*Task directions*:
All lines holding the word "Defs" are to be copied from the records beneath.

*Excerpted records*:
··········

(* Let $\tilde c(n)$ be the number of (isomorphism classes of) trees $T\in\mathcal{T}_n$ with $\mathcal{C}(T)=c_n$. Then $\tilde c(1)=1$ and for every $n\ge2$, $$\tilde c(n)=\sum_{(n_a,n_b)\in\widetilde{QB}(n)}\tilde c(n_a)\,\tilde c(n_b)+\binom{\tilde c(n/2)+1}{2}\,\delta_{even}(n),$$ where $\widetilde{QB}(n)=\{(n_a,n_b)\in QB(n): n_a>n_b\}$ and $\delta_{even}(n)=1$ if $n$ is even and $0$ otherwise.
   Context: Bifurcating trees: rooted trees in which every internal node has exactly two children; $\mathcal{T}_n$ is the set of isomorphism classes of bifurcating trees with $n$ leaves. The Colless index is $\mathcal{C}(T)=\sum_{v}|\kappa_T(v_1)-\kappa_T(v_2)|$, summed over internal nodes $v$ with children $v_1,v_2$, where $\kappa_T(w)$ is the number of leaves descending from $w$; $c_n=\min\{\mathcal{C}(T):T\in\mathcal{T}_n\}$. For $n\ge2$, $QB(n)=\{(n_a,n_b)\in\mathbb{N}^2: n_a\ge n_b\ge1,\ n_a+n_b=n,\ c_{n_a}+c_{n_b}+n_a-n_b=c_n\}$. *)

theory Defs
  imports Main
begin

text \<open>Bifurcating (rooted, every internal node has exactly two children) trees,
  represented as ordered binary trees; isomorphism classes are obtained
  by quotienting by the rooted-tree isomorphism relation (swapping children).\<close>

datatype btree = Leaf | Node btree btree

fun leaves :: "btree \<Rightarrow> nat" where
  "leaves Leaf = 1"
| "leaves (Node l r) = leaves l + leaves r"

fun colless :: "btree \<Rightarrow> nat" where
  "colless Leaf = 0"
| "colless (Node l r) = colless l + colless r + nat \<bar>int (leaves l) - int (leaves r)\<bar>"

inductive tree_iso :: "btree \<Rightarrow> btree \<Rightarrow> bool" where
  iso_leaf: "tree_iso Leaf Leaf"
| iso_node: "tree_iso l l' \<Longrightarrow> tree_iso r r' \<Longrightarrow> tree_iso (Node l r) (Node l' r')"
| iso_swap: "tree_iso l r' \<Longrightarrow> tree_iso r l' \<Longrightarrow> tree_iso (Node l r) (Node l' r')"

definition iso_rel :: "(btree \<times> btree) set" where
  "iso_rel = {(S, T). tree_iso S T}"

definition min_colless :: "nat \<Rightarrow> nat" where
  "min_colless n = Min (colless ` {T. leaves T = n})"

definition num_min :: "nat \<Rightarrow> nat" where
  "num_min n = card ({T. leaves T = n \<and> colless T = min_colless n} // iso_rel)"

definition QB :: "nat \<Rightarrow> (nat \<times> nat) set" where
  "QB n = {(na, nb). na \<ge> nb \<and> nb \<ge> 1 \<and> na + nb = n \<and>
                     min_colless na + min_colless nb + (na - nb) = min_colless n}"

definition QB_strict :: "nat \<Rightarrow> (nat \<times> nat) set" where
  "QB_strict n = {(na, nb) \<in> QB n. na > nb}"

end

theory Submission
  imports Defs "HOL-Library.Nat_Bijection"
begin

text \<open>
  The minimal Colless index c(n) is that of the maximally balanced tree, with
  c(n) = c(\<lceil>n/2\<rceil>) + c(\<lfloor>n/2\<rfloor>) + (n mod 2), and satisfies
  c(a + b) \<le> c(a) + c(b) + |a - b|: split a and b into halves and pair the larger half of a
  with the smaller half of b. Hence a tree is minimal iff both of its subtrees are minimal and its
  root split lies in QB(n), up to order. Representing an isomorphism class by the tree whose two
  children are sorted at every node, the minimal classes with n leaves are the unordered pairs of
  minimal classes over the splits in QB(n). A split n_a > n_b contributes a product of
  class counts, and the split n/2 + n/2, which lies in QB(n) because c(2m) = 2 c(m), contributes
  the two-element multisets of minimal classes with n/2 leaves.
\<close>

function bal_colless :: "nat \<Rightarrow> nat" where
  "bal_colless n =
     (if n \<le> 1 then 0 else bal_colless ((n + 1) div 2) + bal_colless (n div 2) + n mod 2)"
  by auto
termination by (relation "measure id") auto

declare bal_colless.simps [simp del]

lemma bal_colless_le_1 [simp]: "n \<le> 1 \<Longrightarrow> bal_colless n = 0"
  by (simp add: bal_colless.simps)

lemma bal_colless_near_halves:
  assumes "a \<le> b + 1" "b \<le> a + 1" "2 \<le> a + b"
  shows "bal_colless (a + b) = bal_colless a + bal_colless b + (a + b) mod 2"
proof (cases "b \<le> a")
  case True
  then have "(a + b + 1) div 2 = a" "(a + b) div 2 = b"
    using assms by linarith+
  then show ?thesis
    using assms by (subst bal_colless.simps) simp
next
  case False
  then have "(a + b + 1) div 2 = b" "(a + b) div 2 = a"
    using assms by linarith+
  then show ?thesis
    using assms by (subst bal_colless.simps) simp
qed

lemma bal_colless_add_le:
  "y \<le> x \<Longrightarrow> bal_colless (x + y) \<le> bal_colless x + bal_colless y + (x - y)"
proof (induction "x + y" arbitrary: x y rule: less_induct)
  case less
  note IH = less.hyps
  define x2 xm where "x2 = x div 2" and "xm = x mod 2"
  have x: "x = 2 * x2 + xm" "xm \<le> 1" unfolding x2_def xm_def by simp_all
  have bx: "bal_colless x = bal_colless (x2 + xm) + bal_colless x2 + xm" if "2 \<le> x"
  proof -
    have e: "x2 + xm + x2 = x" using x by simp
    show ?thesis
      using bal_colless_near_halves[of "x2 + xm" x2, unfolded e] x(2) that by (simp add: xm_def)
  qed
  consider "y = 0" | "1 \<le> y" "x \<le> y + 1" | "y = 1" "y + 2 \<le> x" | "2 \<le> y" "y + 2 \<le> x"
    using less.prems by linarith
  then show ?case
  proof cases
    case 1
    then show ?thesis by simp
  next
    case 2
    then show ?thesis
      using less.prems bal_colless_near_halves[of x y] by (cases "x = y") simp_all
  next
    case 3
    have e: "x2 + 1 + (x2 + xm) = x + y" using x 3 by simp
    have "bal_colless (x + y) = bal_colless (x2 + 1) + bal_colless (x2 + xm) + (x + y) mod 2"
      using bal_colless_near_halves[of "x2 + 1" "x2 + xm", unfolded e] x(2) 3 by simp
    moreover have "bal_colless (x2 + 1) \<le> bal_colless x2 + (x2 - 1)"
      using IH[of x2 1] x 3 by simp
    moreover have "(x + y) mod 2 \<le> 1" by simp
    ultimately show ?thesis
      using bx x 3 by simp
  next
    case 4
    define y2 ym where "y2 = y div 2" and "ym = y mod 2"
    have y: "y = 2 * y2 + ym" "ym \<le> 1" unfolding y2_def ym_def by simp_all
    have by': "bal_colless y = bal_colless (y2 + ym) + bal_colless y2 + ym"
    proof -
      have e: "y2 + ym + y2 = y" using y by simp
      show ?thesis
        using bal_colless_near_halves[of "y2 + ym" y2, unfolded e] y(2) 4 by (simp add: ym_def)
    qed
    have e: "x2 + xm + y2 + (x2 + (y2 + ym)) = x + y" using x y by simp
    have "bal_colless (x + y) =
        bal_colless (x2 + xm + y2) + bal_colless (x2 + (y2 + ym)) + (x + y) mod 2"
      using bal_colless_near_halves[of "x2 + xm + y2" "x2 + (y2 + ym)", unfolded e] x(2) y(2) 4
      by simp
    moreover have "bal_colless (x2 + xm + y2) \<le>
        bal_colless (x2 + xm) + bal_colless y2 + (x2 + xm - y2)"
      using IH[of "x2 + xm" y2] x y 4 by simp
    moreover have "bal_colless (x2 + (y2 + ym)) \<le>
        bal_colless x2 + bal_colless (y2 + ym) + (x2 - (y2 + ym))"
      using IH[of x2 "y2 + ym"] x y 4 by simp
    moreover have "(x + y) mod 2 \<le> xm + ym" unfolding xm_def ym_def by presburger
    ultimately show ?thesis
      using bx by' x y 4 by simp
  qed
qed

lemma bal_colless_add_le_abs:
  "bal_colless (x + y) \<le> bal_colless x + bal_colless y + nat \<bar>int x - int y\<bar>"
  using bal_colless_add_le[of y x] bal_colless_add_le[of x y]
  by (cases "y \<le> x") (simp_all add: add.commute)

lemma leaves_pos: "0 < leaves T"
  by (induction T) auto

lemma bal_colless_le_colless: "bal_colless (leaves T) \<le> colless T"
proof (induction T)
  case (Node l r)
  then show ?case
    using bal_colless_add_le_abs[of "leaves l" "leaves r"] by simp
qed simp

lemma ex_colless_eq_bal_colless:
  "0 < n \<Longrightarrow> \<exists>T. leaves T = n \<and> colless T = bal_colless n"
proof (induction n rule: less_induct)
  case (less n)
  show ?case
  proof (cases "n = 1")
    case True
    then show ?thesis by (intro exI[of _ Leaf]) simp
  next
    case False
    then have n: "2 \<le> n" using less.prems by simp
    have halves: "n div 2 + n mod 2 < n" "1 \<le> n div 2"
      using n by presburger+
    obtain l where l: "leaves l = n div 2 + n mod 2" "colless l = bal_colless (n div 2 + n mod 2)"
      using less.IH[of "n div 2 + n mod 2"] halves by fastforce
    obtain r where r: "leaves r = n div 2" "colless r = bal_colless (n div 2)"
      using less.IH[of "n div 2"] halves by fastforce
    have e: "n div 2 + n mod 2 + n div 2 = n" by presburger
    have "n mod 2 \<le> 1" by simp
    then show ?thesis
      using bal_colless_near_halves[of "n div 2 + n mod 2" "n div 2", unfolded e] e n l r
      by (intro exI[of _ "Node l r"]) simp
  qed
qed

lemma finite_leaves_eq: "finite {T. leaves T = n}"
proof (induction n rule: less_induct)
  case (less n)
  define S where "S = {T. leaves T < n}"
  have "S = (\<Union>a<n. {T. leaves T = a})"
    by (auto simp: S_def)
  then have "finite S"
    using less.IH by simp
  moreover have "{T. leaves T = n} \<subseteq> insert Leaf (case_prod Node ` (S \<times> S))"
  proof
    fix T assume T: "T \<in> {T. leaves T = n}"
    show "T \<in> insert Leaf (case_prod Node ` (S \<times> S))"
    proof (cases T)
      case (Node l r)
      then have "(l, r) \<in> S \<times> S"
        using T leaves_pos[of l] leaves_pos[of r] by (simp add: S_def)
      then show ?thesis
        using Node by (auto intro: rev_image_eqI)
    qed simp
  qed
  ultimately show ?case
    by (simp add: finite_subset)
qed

··········

*Exercise output*:
theory Defs
  imports Defs "HOL-Library.Nat_Bijection"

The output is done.